ABOUT THIS EXERCISE:
Word for word, return the entries listed below.

========

lemma eigenvalues_bounded_below:
  assumes "measure \<mu> M1 \<noteq> 0"
  obtains c N where "c > 0" and "\<And>n. n \<ge> N \<Longrightarrow> c \<le> lam n"
proof -
  have d_cont: "continuous_on M (\<lambda>x. infdist (F x) M0)"
    by (rule continuous_on_infdist[OF F_cont])
  obtain t where "t > 0" and "measure \<mu> (escape t) \<noteq> 0"
    using escape_mass_positive[OF assms] by blast
  define \<delta> where "\<delta> = t / 2"
  have "\<delta> > 0" and t: "t = 2 * \<delta>"
    using \<open>t > 0\<close> unfolding \<delta>_def by simp_all
  define c0 where "c0 = measure \<mu> (escape t)"
  have "c0 > 0"
    unfolding c0_def using \<open>measure \<mu> (escape t) \<noteq> 0\<close> measure_nonneg[of \<mu>] by (simp add: order_less_le)
  then have "eventually (\<lambda>n. c0 / 2 < measure (\<mu>s n) (escape \<delta>)) sequentially"
    unfolding c0_def escape_def t
    by (intro weak_conv_superlevel[OF weak QSD_facts(1,2) limit_facts(1,2) M_closed d_cont \<open>\<delta> > 0\<close>])
      simp
  moreover have "eventually (\<lambda>n. beta \<delta> n < 1 / 2) sequentially"
    by (rule order_tendstoD(2)[OF beta_lim[OF \<open>\<delta> > 0\<close>]]) simp
  ultimately have "eventually (\<lambda>n. c0 / 4 \<le> lam n) sequentially"
  proof eventually_elim
    case (elim n)
    then have "(1 / 2) * (c0 / 2) \<le> (1 - beta \<delta> n) * measure (\<mu>s n) (escape \<delta>)"
      using \<open>c0 > 0\<close> by (intro mult_mono) auto
    also have "\<dots> \<le> lam n"
      by (rule eigenvalue_lower_bound[OF \<open>\<delta> > 0\<close>])
    finally show ?case by simp
  qed
  then obtain N where N: "\<And>n. n \<ge> N \<Longrightarrow> c0 / 4 \<le> lam n"
    unfolding eventually_sequentially by blast
  have "c0 / 4 > 0"
    using \<open>c0 > 0\<close> by simp
  then show ?thesis
    using N by (rule that)
qed

text \<open>With lambda_n >= c > 0 the bound on far sets forces mu_n(far r) -> 0, so mu(far (2 r)) = 0.\<close>

lemma far_null:
  assumes "c > 0" and lam_bound: "\<And>n. n \<ge> N \<Longrightarrow> c \<le> lam n" and "r > 0"
  shows "measure \<mu> (far (2 * r)) = 0"
proof -
  obtain \<delta> k where "\<delta> > 0"
    and mass: "\<And>n. lam n ^ k * measure (\<mu>s n) (far r) \<le> real k * beta \<delta> n"
    using far_mass_bound[OF \<open>r > 0\<close>] by blast
  have bound: "measure (\<mu>s n) (far r) \<le> real k * beta \<delta> n / c ^ k" if "n \<ge> N" for n
  proof -
    have "c ^ k * measure (\<mu>s n) (far r) \<le> lam n ^ k * measure (\<mu>s n) (far r)"
      using \<open>c > 0\<close> lam_bound[OF that] by (intro mult_right_mono power_mono) auto
    also have "\<dots> \<le> real k * beta \<delta> n"
      by (rule mass)
    finally show ?thesis
      using \<open>c > 0\<close> by (simp add: pos_le_divide_eq mult.commute)
  qed
  have "(\<lambda>n. real k * beta \<delta> n / c ^ k) \<longlonglongrightarrow> real k * 0 / c ^ k"
    by (intro tendsto_intros beta_lim[OF \<open>\<delta> > 0\<close>]) (use \<open>c > 0\<close> in simp)
  then have upper: "(\<lambda>n. real k * beta \<delta> n / c ^ k) \<longlonglongrightarrow> 0"
    by simp
  have "(\<lambda>n. measure (\<mu>s n) (far r)) \<longlonglongrightarrow> 0"
  proof (rule tendsto_sandwich[OF _ _ tendsto_const upper])
    show "eventually (\<lambda>n. 0 \<le> measure (\<mu>s n) (far r)) sequentially"
      by simp
    show "eventually (\<lambda>n. measure (\<mu>s n) (far r) \<le> real k * beta \<delta> n / c ^ k) sequentially"
      using bound unfolding eventually_sequentially by blast
  qed
  then show ?thesis
    unfolding far_def
    by (rule weak_conv_superlevel_null[OF weak QSD_facts(1,2) limit_facts(1,2) M_closed
          continuous_on_infdist[OF continuous_on_id] \<open>r > 0\<close>])
qed

text \<open>The limit measure gives no mass to M1: otherwise the two previous lemmas make every far set,
  hence M1 itself, null.\<close>

lemma M1_null: "measure \<mu> M1 = 0"
proof (rule ccontr)
  assume "measure \<mu> M1 \<noteq> 0"
  then obtain c N where "c > 0" and lam_bound: "\<And>n. n \<ge> N \<Longrightarrow> c \<le> lam n"
    using eigenvalues_bounded_below by blast
  have "measure \<mu> (far t) = 0" if "t > 0" for t
    using far_null[OF \<open>c > 0\<close> lam_bound, where r="t / 2"] that by simp
  then have "measure \<mu> {x \<in> M. 0 < infdist x M0} = 0"
    unfolding far_def
    by (intro null_if_superlevels_null[OF limit_facts(1,2) M_closed continuous_on_infdist[OF continuous_on_id]])
      simp
  then show False
    using \<open>measure \<mu> M1 \<noteq> 0\<close> unfolding M1_eq by simp
qed

end

theorem mainTheorem9:
  fixes M M0 M1 :: "'a::euclidean_space set"
    and F :: "'a \<Rightarrow> 'a"
    and p :: "real \<Rightarrow> 'a \<Rightarrow> 'a measure"
    and eps :: "nat \<Rightarrow> real" and lam :: "nat \<Rightarrow> real"
    and \<mu>s :: "nat \<Rightarrow> 'a measure" and \<mu> :: "'a measure"
  assumes M_closed: "closed M"
    and F_cont: "continuous_on M F" and F_into: "F ` M \<subseteq> M" and F_bdd: "bounded (F ` M)"
    and kernels: "markov_kernels_on M p"
    and SH1: "\<And>\<delta>. \<delta> > 0 \<Longrightarrow>
       ((\<lambda>\<epsilon>. SUP x\<in>M. measure (p \<epsilon> x) (M - nbhd M \<delta> {F x})) \<longlongrightarrow> 0) (at_right 0)"
    and M0_closed: "closedin (top_of_set M) M0" and M0_sub: "M0 \<subseteq> M"
    and M1_def: "M1 = M - M0"
    and F_M0: "F ` M0 \<subseteq> M0" and F_M1: "F ` M1 \<subseteq> M1"
    and absorb: "\<And>\<epsilon> x. \<epsilon> > 0 \<Longrightarrow> x \<in> M0 \<Longrightarrow> measure (p \<epsilon> x) M1 = 0"
    and M0_compact: "compact M0"
    and M0_attr: "is_attractor M F M0"
    and M0_global: "\<And>x. x \<in> M \<Longrightarrow> omega_limit M F x \<subseteq> M0"
    and eps_pos: "\<And>n. eps n > 0" and eps_dec: "decseq eps" and eps_lim: "eps \<longlonglongrightarrow> 0"
    and QSD: "\<And>n. is_QSD M1 (p (eps n)) (\<mu>s n) (lam n)"
    and mu_prob: "borel_prob_on M \<mu>"
    and weak: "weak_conv_on M \<mu>s \<mu>"
  shows "measure \<mu> M0 = 1"
proof -
  interpret qsd_limit M M0 M1 F p eps lam \<mu>s \<mu>
    by (rule qsd_limit.intro) (fact assms)+
  interpret limit: prob_space \<mu>
    by (rule limit_facts(1))
  have "measure \<mu> M1 = measure \<mu> M - measure \<mu> M0"
    unfolding \<open>M1 = M - M0\<close> using limit_facts(2) borel_sets M0_sub
    by (intro limit.finite_measure_Diff) simp_all
  then show ?thesis
    using M1_null limit_facts(3) by simp
qed

end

========

SOLUTION:
lemma eigenvalues_bounded_below:
  assumes "measure \<mu> M1 \<noteq> 0"
  obtains c N where "c > 0" and "\<And>n. n \<ge> N \<Longrightarrow> c \<le> lam n"
proof -
  have d_cont: "continuous_on M (\<lambda>x. infdist (F x) M0)"
    by (rule continuous_on_infdist[OF F_cont])
  obtain t where "t > 0" and "measure \<mu> (escape t) \<noteq> 0"
    using escape_mass_positive[OF assms] by blast
  define \<delta> where "\<delta> = t / 2"
  have "\<delta> > 0" and t: "t = 2 * \<delta>"
    using \<open>t > 0\<close> unfolding \<delta>_def by simp_all
  define c0 where "c0 = measure \<mu> (escape t)"
  have "c0 > 0"
    unfolding c0_def using \<open>measure \<mu> (escape t) \<noteq> 0\<close> measure_nonneg[of \<mu>] by (simp add: order_less_le)
  then have "eventually (\<lambda>n. c0 / 2 < measure (\<mu>s n) (escape \<delta>)) sequentially"
    unfolding c0_def escape_def t
    by (intro weak_conv_superlevel[OF weak QSD_facts(1,2) limit_facts(1,2) M_closed d_cont \<open>\<delta> > 0\<close>])
      simp
  moreover have "eventually (\<lambda>n. beta \<delta> n < 1 / 2) sequentially"
    by (rule order_tendstoD(2)[OF beta_lim[OF \<open>\<delta> > 0\<close>]]) simp
  ultimately have "eventually (\<lambda>n. c0 / 4 \<le> lam n) sequentially"
  proof eventually_elim
    case (elim n)
    then have "(1 / 2) * (c0 / 2) \<le> (1 - beta \<delta> n) * measure (\<mu>s n) (escape \<delta>)"
      using \<open>c0 > 0\<close> by (intro mult_mono) auto
    also have "\<dots> \<le> lam n"
      by (rule eigenvalue_lower_bound[OF \<open>\<delta> > 0\<close>])
    finally show ?case by simp
  qed
  then obtain N where N: "\<And>n. n \<ge> N \<Longrightarrow> c0 / 4 \<le> lam n"
    unfolding eventually_sequentially by blast
  have "c0 / 4 > 0"
    using \<open>c0 > 0\<close> by simp
  then show ?thesis
    using N by (rule that)
qed

text \<open>With lambda_n >= c > 0 the bound on far sets forces mu_n(far r) -> 0, so mu(far (2 r)) = 0.\<close>

lemma far_null:
  assumes "c > 0" and lam_bound: "\<And>n. n \<ge> N \<Longrightarrow> c \<le> lam n" and "r > 0"
  shows "measure \<mu> (far (2 * r)) = 0"
proof -
  obtain \<delta> k where "\<delta> > 0"
    and mass: "\<And>n. lam n ^ k * measure (\<mu>s n) (far r) \<le> real k * beta \<delta> n"
    using far_mass_bound[OF \<open>r > 0\<close>] by blast
  have bound: "measure (\<mu>s n) (far r) \<le> real k * beta \<delta> n / c ^ k" if "n \<ge> N" for n
  proof -
    have "c ^ k * measure (\<mu>s n) (far r) \<le> lam n ^ k * measure (\<mu>s n) (far r)"
      using \<open>c > 0\<close> lam_bound[OF that] by (intro mult_right_mono power_mono) auto
    also have "\<dots> \<le> real k * beta \<delta> n"
      by (rule mass)
    finally show ?thesis
      using \<open>c > 0\<close> by (simp add: pos_le_divide_eq mult.commute)
  qed
  have "(\<lambda>n. real k * beta \<delta> n / c ^ k) \<longlonglongrightarrow> real k * 0 / c ^ k"
    by (intro tendsto_intros beta_lim[OF \<open>\<delta> > 0\<close>]) (use \<open>c > 0\<close> in simp)
  then have upper: "(\<lambda>n. real k * beta \<delta> n / c ^ k) \<longlonglongrightarrow> 0"
    by simp
  have "(\<lambda>n. measure (\<mu>s n) (far r)) \<longlonglongrightarrow> 0"
  proof (rule tendsto_sandwich[OF _ _ tendsto_const upper])
    show "eventually (\<lambda>n. 0 \<le> measure (\<mu>s n) (far r)) sequentially"
      by simp
    show "eventually (\<lambda>n. measure (\<mu>s n) (far r) \<le> real k * beta \<delta> n / c ^ k) sequentially"
      using bound unfolding eventually_sequentially by blast
  qed
  then show ?thesis
    unfolding far_def
    by (rule weak_conv_superlevel_null[OF weak QSD_facts(1,2) limit_facts(1,2) M_closed
          continuous_on_infdist[OF continuous_on_id] \<open>r > 0\<close>])
qed

text \<open>The limit measure gives no mass to M1: otherwise the two previous lemmas make every far set,
  hence M1 itself, null.\<close>

lemma M1_null: "measure \<mu> M1 = 0"
proof (rule ccontr)
  assume "measure \<mu> M1 \<noteq> 0"
  then obtain c N where "c > 0" and lam_bound: "\<And>n. n \<ge> N \<Longrightarrow> c \<le> lam n"
    using eigenvalues_bounded_below by blast
  have "measure \<mu> (far t) = 0" if "t > 0" for t
    using far_null[OF \<open>c > 0\<close> lam_bound, where r="t / 2"] that by simp
  then have "measure \<mu> {x \<in> M. 0 < infdist x M0} = 0"
    unfolding far_def
    by (intro null_if_superlevels_null[OF limit_facts(1,2) M_closed continuous_on_infdist[OF continuous_on_id]])
      simp
  then show False
    using \<open>measure \<mu> M1 \<noteq> 0\<close> unfolding M1_eq by simp
qed

end

theorem mainTheorem9:
  fixes M M0 M1 :: "'a::euclidean_space set"
    and F :: "'a \<Rightarrow> 'a"
    and p :: "real \<Rightarrow> 'a \<Rightarrow> 'a measure"
    and eps :: "nat \<Rightarrow> real" and lam :: "nat \<Rightarrow> real"
    and \<mu>s :: "nat \<Rightarrow> 'a measure" and \<mu> :: "'a measure"
  assumes M_closed: "closed M"
    and F_cont: "continuous_on M F" and F_into: "F ` M \<subseteq> M" and F_bdd: "bounded (F ` M)"
    and kernels: "markov_kernels_on M p"
    and SH1: "\<And>\<delta>. \<delta> > 0 \<Longrightarrow>
       ((\<lambda>\<epsilon>. SUP x\<in>M. measure (p \<epsilon> x) (M - nbhd M \<delta> {F x})) \<longlongrightarrow> 0) (at_right 0)"
    and M0_closed: "closedin (top_of_set M) M0" and M0_sub: "M0 \<subseteq> M"
    and M1_def: "M1 = M - M0"
    and F_M0: "F ` M0 \<subseteq> M0" and F_M1: "F ` M1 \<subseteq> M1"
    and absorb: "\<And>\<epsilon> x. \<epsilon> > 0 \<Longrightarrow> x \<in> M0 \<Longrightarrow> measure (p \<epsilon> x) M1 = 0"
    and M0_compact: "compact M0"
    and M0_attr: "is_attractor M F M0"
    and M0_global: "\<And>x. x \<in> M \<Longrightarrow> omega_limit M F x \<subseteq> M0"
    and eps_pos: "\<And>n. eps n > 0" and eps_dec: "decseq eps" and eps_lim: "eps \<longlonglongrightarrow> 0"
    and QSD: "\<And>n. is_QSD M1 (p (eps n)) (\<mu>s n) (lam n)"
    and mu_prob: "borel_prob_on M \<mu>"
    and weak: "weak_conv_on M \<mu>s \<mu>"
  shows "measure \<mu> M0 = 1"
proof -
  interpret qsd_limit M M0 M1 F p eps lam \<mu>s \<mu>
    by (rule qsd_limit.intro) (fact assms)+
  interpret limit: prob_space \<mu>
    by (rule limit_facts(1))
  have "measure \<mu> M1 = measure \<mu> M - measure \<mu> M0"
    unfolding \<open>M1 = M - M0\<close> using limit_facts(2) borel_sets M0_sub
    by (intro limit.finite_measure_Diff) simp_all
  then show ?thesis
    using M1_null limit_facts(3) by simp
qed

end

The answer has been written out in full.